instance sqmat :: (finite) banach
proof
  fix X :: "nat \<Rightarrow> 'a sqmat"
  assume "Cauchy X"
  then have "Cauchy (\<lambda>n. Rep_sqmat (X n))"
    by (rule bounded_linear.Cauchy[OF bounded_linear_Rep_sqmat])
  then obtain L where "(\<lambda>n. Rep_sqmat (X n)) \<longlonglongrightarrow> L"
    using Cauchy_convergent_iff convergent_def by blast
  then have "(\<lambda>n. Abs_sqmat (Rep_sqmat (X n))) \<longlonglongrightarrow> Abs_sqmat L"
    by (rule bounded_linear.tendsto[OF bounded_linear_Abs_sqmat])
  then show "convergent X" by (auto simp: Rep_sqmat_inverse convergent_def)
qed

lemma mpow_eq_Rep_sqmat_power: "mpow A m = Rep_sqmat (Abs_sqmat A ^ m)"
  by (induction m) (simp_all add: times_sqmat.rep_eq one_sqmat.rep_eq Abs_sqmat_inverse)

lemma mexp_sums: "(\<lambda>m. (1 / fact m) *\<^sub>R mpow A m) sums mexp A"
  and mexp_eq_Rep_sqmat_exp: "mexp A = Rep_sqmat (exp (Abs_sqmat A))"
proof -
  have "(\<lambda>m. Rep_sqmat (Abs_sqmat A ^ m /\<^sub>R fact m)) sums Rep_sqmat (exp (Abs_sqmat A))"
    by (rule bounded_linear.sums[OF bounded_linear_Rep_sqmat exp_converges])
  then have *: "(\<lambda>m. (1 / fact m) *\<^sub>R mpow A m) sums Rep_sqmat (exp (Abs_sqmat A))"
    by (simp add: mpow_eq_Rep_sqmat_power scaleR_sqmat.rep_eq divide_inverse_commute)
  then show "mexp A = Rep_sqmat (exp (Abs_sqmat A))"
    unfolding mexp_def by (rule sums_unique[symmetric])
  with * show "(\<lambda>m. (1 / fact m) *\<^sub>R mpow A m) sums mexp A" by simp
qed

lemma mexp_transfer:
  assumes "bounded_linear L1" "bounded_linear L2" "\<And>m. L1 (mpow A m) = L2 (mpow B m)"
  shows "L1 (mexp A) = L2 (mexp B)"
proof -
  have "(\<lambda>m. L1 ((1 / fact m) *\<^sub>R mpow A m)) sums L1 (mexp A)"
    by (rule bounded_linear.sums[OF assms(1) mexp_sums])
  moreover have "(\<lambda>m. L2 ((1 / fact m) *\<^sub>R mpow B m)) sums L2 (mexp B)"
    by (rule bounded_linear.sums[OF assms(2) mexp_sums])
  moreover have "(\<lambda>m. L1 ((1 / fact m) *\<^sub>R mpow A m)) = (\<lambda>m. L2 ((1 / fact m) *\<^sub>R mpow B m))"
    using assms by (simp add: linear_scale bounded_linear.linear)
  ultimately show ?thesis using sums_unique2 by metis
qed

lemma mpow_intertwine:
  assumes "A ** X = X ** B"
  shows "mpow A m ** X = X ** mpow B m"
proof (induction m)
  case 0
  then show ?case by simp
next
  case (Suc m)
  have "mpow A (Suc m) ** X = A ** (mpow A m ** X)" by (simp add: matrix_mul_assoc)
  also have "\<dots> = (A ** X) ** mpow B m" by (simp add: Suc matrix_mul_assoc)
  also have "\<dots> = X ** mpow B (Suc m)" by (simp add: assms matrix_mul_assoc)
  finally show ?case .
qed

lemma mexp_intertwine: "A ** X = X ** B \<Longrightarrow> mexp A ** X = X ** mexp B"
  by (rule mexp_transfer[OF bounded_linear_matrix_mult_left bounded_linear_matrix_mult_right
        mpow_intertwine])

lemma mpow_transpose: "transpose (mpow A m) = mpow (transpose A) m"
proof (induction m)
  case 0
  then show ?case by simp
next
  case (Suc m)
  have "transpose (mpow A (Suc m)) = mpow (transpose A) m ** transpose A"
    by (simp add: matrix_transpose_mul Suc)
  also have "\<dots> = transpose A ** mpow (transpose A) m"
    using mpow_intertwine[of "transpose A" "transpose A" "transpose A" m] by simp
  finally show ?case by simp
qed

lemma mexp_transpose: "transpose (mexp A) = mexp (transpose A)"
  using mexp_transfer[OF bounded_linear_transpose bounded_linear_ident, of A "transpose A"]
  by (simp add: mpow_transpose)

--------------------------------------------------

> [Exercise details]:
Copy only this part of the entries above: the line with "(mexp A) = L2", the line with "B \<Longrightarrow> mexp", and the lines between, all exactly as written.

> [Answer space]:
  shows "L1 (mexp A) = L2 (mexp B)"
proof -
  have "(\<lambda>m. L1 ((1 / fact m) *\<^sub>R mpow A m)) sums L1 (mexp A)"
    by (rule bounded_linear.sums[OF assms(1) mexp_sums])
  moreover have "(\<lambda>m. L2 ((1 / fact m) *\<^sub>R mpow B m)) sums L2 (mexp B)"
    by (rule bounded_linear.sums[OF assms(2) mexp_sums])
  moreover have "(\<lambda>m. L1 ((1 / fact m) *\<^sub>R mpow A m)) = (\<lambda>m. L2 ((1 / fact m) *\<^sub>R mpow B m))"
    using assms by (simp add: linear_scale bounded_linear.linear)
  ultimately show ?thesis using sums_unique2 by metis
qed

lemma mpow_intertwine:
  assumes "A ** X = X ** B"
  shows "mpow A m ** X = X ** mpow B m"
proof (induction m)
  case 0
  then show ?case by simp
next
  case (Suc m)
  have "mpow A (Suc m) ** X = A ** (mpow A m ** X)" by (simp add: matrix_mul_assoc)
  also have "\<dots> = (A ** X) ** mpow B m" by (simp add: Suc matrix_mul_assoc)
  also have "\<dots> = X ** mpow B (Suc m)" by (simp add: assms matrix_mul_assoc)
  finally show ?case .
qed

lemma mexp_intertwine: "A ** X = X ** B \<Longrightarrow> mexp A ** X = X ** mexp B"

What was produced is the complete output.